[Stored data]
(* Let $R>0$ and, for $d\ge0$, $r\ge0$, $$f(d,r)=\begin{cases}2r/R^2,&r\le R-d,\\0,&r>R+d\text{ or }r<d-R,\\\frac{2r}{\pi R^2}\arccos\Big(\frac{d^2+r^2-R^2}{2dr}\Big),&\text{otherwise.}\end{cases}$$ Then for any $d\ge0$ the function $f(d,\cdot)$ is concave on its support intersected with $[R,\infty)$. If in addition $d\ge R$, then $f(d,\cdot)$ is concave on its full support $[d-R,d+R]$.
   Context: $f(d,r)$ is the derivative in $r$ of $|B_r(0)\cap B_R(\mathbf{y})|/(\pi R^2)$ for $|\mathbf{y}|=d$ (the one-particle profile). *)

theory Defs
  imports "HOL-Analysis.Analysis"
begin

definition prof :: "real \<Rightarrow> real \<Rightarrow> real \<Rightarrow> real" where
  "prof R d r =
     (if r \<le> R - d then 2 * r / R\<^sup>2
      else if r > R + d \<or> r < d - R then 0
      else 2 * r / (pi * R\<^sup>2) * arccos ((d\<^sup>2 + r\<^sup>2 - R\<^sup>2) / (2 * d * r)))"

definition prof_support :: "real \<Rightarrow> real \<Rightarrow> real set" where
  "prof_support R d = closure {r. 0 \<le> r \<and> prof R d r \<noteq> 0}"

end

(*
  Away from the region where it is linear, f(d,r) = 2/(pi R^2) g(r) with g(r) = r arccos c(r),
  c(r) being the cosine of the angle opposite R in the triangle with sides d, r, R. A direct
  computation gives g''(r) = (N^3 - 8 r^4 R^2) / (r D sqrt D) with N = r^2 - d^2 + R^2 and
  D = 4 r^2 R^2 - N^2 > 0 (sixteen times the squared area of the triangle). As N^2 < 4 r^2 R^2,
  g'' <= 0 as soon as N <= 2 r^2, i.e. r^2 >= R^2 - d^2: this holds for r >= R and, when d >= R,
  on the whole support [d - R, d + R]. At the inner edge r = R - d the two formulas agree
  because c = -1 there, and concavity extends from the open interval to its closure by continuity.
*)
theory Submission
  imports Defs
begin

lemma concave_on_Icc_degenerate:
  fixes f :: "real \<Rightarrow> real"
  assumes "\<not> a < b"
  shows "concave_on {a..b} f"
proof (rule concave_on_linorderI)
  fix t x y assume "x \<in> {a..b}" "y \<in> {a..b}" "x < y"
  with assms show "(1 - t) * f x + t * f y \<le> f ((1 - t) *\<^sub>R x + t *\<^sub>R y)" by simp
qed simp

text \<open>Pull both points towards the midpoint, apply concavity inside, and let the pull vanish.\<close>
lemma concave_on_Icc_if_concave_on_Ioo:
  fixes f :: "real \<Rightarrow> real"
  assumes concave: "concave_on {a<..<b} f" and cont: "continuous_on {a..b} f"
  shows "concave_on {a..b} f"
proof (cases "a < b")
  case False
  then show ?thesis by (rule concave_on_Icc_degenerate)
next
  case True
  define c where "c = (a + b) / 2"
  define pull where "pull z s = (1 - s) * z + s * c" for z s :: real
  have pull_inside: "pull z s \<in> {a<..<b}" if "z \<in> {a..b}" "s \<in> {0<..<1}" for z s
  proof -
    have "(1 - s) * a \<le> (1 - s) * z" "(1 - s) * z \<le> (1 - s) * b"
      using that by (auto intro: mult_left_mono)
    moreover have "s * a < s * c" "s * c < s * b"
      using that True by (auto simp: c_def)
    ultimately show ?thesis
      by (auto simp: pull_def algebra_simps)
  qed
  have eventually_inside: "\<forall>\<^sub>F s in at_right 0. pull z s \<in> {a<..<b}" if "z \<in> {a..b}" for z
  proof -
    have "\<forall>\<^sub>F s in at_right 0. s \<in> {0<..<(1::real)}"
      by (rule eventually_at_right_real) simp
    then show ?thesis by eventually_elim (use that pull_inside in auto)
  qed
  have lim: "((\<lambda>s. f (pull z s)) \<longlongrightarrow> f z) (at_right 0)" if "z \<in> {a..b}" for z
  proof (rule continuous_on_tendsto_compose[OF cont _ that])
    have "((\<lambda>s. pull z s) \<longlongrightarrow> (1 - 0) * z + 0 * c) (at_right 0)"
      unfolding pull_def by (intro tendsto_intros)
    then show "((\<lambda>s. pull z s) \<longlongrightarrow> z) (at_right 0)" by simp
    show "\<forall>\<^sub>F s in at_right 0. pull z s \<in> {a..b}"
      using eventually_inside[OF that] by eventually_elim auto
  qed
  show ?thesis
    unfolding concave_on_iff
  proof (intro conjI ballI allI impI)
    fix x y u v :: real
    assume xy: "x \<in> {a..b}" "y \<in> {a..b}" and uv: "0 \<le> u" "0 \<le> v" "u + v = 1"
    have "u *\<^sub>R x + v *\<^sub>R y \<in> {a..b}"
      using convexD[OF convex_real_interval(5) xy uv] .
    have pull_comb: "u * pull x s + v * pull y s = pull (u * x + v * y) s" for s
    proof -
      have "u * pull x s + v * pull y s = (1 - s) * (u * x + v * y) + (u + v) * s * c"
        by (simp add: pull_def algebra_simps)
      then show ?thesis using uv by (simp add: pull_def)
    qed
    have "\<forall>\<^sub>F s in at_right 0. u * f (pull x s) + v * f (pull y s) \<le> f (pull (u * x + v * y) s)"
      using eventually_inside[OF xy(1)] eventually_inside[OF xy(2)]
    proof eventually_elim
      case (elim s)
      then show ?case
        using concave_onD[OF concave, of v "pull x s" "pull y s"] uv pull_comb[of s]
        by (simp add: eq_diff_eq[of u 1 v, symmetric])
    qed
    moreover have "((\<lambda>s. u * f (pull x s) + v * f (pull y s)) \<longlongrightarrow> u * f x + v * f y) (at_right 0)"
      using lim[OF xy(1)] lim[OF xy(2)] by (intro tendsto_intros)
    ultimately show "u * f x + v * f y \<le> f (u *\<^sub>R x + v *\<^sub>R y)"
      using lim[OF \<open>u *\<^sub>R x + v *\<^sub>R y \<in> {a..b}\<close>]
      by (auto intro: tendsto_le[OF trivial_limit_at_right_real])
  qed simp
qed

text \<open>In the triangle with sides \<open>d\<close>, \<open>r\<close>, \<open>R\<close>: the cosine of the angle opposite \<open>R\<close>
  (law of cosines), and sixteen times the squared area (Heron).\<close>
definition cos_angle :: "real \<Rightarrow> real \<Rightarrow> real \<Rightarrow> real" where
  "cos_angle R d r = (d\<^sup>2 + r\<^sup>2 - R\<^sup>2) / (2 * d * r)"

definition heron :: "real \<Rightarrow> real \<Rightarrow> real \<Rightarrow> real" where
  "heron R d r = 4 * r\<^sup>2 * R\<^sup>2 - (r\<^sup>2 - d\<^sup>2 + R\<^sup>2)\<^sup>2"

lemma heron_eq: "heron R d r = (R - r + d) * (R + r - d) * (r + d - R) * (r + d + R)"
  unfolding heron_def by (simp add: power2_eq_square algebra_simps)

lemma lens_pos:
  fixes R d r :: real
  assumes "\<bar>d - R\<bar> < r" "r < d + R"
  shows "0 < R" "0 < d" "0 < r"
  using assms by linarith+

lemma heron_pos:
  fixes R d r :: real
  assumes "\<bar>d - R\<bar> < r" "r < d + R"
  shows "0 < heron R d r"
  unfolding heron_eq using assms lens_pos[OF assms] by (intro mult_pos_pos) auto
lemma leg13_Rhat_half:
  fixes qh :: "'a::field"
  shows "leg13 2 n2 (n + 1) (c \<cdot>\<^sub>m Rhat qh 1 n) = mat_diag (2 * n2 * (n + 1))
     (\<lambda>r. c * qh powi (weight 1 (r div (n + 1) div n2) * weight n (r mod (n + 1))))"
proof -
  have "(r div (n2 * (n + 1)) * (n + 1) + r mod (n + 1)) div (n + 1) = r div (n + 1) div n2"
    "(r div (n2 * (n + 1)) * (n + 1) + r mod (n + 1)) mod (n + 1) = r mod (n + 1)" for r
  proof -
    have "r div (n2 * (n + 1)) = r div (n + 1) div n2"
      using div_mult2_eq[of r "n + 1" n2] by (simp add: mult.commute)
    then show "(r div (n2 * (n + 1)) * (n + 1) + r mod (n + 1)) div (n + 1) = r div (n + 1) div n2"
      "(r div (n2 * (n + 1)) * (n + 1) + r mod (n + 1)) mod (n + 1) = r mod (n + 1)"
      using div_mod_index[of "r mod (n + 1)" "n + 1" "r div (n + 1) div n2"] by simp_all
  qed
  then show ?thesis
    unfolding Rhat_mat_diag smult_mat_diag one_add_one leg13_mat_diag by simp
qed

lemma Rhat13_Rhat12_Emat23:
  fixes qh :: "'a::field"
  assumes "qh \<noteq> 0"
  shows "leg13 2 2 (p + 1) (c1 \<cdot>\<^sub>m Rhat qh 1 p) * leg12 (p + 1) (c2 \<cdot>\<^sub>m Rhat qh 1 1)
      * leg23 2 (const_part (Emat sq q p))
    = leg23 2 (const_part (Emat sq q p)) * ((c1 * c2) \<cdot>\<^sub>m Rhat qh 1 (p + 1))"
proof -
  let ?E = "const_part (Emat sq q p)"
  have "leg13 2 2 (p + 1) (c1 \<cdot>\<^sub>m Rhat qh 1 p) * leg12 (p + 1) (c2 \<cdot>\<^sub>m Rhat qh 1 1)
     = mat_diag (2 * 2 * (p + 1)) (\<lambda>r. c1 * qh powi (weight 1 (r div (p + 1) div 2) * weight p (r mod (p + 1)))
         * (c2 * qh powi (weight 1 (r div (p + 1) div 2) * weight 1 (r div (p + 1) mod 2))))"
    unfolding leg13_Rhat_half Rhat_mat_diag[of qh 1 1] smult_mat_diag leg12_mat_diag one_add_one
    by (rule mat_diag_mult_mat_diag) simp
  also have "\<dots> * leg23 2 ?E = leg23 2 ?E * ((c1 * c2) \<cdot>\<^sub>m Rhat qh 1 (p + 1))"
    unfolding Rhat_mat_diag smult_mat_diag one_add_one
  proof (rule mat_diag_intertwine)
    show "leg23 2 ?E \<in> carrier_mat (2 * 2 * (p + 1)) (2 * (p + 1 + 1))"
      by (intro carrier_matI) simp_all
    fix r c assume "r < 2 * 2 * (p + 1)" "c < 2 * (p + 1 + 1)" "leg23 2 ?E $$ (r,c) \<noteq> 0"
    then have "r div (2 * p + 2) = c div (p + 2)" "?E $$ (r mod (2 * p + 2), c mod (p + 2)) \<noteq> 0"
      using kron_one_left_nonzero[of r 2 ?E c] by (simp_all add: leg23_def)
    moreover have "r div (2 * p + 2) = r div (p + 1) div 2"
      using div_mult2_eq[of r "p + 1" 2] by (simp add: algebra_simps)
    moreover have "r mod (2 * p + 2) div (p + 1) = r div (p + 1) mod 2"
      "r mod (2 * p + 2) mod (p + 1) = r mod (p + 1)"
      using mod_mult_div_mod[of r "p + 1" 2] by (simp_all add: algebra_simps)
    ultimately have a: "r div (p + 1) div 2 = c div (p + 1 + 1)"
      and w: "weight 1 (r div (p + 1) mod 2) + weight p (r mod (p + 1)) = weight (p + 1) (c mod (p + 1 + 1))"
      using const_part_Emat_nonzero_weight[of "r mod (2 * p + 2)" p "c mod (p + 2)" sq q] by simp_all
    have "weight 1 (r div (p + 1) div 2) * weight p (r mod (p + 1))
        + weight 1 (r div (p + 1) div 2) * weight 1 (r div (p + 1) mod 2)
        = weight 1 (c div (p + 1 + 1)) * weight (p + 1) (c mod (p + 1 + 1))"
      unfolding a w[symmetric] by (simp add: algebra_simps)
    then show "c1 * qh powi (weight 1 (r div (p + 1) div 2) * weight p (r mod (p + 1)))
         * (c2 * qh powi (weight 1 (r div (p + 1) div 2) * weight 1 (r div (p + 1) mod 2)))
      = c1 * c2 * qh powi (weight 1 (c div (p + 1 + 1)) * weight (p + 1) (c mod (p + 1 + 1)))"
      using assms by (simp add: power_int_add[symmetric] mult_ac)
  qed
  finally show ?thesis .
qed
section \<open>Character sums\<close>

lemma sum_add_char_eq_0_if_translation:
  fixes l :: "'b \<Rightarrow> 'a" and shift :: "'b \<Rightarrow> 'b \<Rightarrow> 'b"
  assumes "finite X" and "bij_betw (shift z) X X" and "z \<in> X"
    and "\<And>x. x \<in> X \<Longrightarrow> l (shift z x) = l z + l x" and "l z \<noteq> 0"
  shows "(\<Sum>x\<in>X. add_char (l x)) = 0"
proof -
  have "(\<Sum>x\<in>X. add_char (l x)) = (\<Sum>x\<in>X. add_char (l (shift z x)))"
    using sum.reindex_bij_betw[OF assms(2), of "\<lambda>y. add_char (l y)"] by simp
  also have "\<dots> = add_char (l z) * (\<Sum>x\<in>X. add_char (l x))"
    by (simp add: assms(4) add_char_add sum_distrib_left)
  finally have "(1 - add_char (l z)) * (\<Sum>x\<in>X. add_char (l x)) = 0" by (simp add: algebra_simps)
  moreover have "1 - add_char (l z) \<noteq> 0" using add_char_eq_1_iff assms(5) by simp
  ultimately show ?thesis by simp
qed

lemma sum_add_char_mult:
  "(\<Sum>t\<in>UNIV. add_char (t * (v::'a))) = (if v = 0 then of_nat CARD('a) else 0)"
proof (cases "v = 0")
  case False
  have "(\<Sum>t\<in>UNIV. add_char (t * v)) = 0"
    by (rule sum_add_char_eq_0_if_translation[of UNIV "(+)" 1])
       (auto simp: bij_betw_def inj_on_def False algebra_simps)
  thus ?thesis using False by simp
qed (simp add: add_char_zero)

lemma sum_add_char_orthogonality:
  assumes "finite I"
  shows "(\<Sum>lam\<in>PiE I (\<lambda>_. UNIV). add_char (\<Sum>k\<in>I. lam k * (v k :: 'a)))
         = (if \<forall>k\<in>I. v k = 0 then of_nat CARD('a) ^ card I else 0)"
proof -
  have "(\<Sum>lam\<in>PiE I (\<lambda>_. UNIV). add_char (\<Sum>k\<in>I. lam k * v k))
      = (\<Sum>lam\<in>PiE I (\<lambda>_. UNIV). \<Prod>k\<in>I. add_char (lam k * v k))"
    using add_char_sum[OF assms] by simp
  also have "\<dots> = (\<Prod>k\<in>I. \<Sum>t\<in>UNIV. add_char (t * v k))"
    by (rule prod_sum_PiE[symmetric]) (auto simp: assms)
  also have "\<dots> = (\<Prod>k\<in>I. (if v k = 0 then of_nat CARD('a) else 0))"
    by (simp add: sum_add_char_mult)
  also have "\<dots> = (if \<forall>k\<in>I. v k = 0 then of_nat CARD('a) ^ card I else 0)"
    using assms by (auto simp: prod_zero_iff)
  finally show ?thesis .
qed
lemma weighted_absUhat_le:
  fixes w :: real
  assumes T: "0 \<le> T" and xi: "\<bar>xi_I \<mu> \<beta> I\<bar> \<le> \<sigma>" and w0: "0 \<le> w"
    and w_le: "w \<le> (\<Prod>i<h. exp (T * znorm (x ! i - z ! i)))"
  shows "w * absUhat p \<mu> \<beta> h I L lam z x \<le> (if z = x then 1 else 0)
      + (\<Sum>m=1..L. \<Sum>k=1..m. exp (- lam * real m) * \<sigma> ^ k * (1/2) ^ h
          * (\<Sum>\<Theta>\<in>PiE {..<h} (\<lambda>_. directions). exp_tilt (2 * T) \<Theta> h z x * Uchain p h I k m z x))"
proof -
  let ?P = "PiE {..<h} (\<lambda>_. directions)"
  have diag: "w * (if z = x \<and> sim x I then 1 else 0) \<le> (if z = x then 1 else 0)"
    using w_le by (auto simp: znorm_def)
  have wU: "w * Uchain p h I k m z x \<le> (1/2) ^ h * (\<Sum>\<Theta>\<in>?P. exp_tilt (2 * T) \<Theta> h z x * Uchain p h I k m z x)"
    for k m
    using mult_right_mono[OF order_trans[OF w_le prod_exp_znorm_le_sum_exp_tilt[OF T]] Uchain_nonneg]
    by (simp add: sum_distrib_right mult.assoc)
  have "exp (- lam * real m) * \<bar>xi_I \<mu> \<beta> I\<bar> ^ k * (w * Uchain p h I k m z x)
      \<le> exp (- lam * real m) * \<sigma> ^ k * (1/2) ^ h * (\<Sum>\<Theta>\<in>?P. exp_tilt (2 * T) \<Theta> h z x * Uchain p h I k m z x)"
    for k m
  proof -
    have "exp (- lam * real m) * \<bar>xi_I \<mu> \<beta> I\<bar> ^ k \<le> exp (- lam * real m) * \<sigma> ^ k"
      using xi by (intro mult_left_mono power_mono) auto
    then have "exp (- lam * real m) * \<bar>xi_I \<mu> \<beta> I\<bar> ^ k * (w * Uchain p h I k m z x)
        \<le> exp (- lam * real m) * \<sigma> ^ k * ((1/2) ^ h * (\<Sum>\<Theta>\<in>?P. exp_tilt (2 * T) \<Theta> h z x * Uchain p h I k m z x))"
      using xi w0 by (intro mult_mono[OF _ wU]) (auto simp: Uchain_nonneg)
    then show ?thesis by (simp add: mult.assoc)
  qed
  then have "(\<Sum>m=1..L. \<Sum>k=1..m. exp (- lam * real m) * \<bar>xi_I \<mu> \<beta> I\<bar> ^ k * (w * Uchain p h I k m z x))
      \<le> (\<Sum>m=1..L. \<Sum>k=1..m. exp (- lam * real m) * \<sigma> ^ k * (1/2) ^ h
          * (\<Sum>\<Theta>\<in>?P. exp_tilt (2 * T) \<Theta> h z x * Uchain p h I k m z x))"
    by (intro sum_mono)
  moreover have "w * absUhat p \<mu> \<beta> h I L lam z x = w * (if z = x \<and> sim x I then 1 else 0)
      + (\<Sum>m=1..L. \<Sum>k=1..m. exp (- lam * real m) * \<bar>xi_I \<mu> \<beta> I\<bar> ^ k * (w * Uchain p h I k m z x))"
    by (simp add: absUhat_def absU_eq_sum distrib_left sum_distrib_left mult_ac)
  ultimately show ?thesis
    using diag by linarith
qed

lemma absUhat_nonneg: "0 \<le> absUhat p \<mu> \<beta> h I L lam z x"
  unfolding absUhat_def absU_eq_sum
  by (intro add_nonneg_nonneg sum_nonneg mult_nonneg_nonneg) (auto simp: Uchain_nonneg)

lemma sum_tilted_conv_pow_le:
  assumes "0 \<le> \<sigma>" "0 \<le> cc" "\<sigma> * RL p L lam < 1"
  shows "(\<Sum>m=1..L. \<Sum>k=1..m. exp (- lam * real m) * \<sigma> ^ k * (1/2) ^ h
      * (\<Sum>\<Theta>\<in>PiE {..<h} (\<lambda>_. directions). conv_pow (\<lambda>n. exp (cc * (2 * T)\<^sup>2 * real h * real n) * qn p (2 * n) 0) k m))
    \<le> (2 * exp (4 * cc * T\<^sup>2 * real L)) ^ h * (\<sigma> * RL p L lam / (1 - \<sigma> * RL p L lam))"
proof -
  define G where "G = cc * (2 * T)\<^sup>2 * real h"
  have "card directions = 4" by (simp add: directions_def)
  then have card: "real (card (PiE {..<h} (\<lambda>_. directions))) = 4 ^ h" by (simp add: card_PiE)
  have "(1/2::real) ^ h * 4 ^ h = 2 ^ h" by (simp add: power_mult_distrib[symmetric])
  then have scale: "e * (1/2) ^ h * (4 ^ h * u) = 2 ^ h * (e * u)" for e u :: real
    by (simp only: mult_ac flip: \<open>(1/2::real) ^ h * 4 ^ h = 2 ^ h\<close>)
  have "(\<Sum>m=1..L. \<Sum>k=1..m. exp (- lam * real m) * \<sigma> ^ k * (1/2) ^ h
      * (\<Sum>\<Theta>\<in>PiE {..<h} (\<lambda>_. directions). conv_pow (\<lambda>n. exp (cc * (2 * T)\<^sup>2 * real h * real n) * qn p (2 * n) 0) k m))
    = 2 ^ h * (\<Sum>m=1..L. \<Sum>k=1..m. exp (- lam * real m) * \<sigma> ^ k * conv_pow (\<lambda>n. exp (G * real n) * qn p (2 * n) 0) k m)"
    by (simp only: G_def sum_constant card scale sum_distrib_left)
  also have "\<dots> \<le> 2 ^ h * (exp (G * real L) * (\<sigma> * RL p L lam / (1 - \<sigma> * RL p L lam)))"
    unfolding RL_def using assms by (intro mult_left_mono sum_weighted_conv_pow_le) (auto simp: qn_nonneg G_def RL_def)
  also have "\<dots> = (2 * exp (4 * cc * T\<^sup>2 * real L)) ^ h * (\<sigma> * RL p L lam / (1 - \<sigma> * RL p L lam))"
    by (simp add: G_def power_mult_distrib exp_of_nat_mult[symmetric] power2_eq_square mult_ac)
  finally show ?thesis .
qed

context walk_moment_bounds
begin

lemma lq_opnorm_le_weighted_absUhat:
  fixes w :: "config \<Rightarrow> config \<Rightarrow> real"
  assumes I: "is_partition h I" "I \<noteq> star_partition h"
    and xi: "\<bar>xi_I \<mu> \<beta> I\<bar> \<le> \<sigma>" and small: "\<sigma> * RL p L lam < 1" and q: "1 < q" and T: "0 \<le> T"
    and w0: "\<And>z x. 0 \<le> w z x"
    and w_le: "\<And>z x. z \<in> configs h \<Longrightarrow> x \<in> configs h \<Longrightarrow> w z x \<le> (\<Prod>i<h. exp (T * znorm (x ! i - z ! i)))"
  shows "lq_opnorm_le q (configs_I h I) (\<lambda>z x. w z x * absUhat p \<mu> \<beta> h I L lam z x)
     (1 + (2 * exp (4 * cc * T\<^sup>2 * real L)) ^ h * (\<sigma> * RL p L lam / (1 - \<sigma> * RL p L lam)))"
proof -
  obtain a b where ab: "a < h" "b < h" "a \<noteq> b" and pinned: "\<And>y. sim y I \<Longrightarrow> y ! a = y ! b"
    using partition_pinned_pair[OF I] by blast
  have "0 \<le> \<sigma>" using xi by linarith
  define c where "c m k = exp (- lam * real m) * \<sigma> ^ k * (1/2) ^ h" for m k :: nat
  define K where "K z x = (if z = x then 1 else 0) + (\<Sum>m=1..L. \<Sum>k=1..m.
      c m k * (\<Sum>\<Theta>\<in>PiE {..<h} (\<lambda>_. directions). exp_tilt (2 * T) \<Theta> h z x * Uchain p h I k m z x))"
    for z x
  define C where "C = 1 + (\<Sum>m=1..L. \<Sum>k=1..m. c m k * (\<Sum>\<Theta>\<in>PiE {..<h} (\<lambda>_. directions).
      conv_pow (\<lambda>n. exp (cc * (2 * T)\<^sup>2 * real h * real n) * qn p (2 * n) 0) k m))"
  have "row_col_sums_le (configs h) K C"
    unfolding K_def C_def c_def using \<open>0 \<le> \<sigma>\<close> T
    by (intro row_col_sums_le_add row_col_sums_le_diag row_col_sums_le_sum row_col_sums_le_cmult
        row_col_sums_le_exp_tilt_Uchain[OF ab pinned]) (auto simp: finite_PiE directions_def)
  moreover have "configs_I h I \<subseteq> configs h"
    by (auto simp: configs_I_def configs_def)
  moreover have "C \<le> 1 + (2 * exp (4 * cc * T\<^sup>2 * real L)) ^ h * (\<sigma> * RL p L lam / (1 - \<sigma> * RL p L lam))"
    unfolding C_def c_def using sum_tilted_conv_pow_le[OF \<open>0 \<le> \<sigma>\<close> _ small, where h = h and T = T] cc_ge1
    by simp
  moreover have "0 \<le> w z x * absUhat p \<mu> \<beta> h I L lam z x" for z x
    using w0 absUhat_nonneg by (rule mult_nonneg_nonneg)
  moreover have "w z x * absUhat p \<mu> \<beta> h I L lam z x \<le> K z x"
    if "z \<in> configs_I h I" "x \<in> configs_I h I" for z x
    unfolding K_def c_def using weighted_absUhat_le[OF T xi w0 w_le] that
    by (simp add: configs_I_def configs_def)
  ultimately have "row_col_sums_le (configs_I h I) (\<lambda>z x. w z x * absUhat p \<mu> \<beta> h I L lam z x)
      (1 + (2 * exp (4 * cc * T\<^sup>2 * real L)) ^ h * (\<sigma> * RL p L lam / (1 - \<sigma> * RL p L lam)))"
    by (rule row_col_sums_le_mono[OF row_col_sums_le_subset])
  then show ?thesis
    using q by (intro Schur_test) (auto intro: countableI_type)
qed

■ DIRECTIONS
Only one stretch of the entries above is wanted: the lines from the one containing "2) div (p +" through the one containing "q] by simp_all". Please reproduce it exactly.

■ RESULT OF THE TASK
    moreover have "r mod (2 * p + 2) div (p + 1) = r div (p + 1) mod 2"
      "r mod (2 * p + 2) mod (p + 1) = r mod (p + 1)"
      using mod_mult_div_mod[of r "p + 1" 2] by (simp_all add: algebra_simps)
    ultimately have a: "r div (p + 1) div 2 = c div (p + 1 + 1)"
      and w: "weight 1 (r div (p + 1) mod 2) + weight p (r mod (p + 1)) = weight (p + 1) (c mod (p + 1 + 1))"
      using const_part_Emat_nonzero_weight[of "r mod (2 * p + 2)" p "c mod (p + 2)" sq q] by simp_all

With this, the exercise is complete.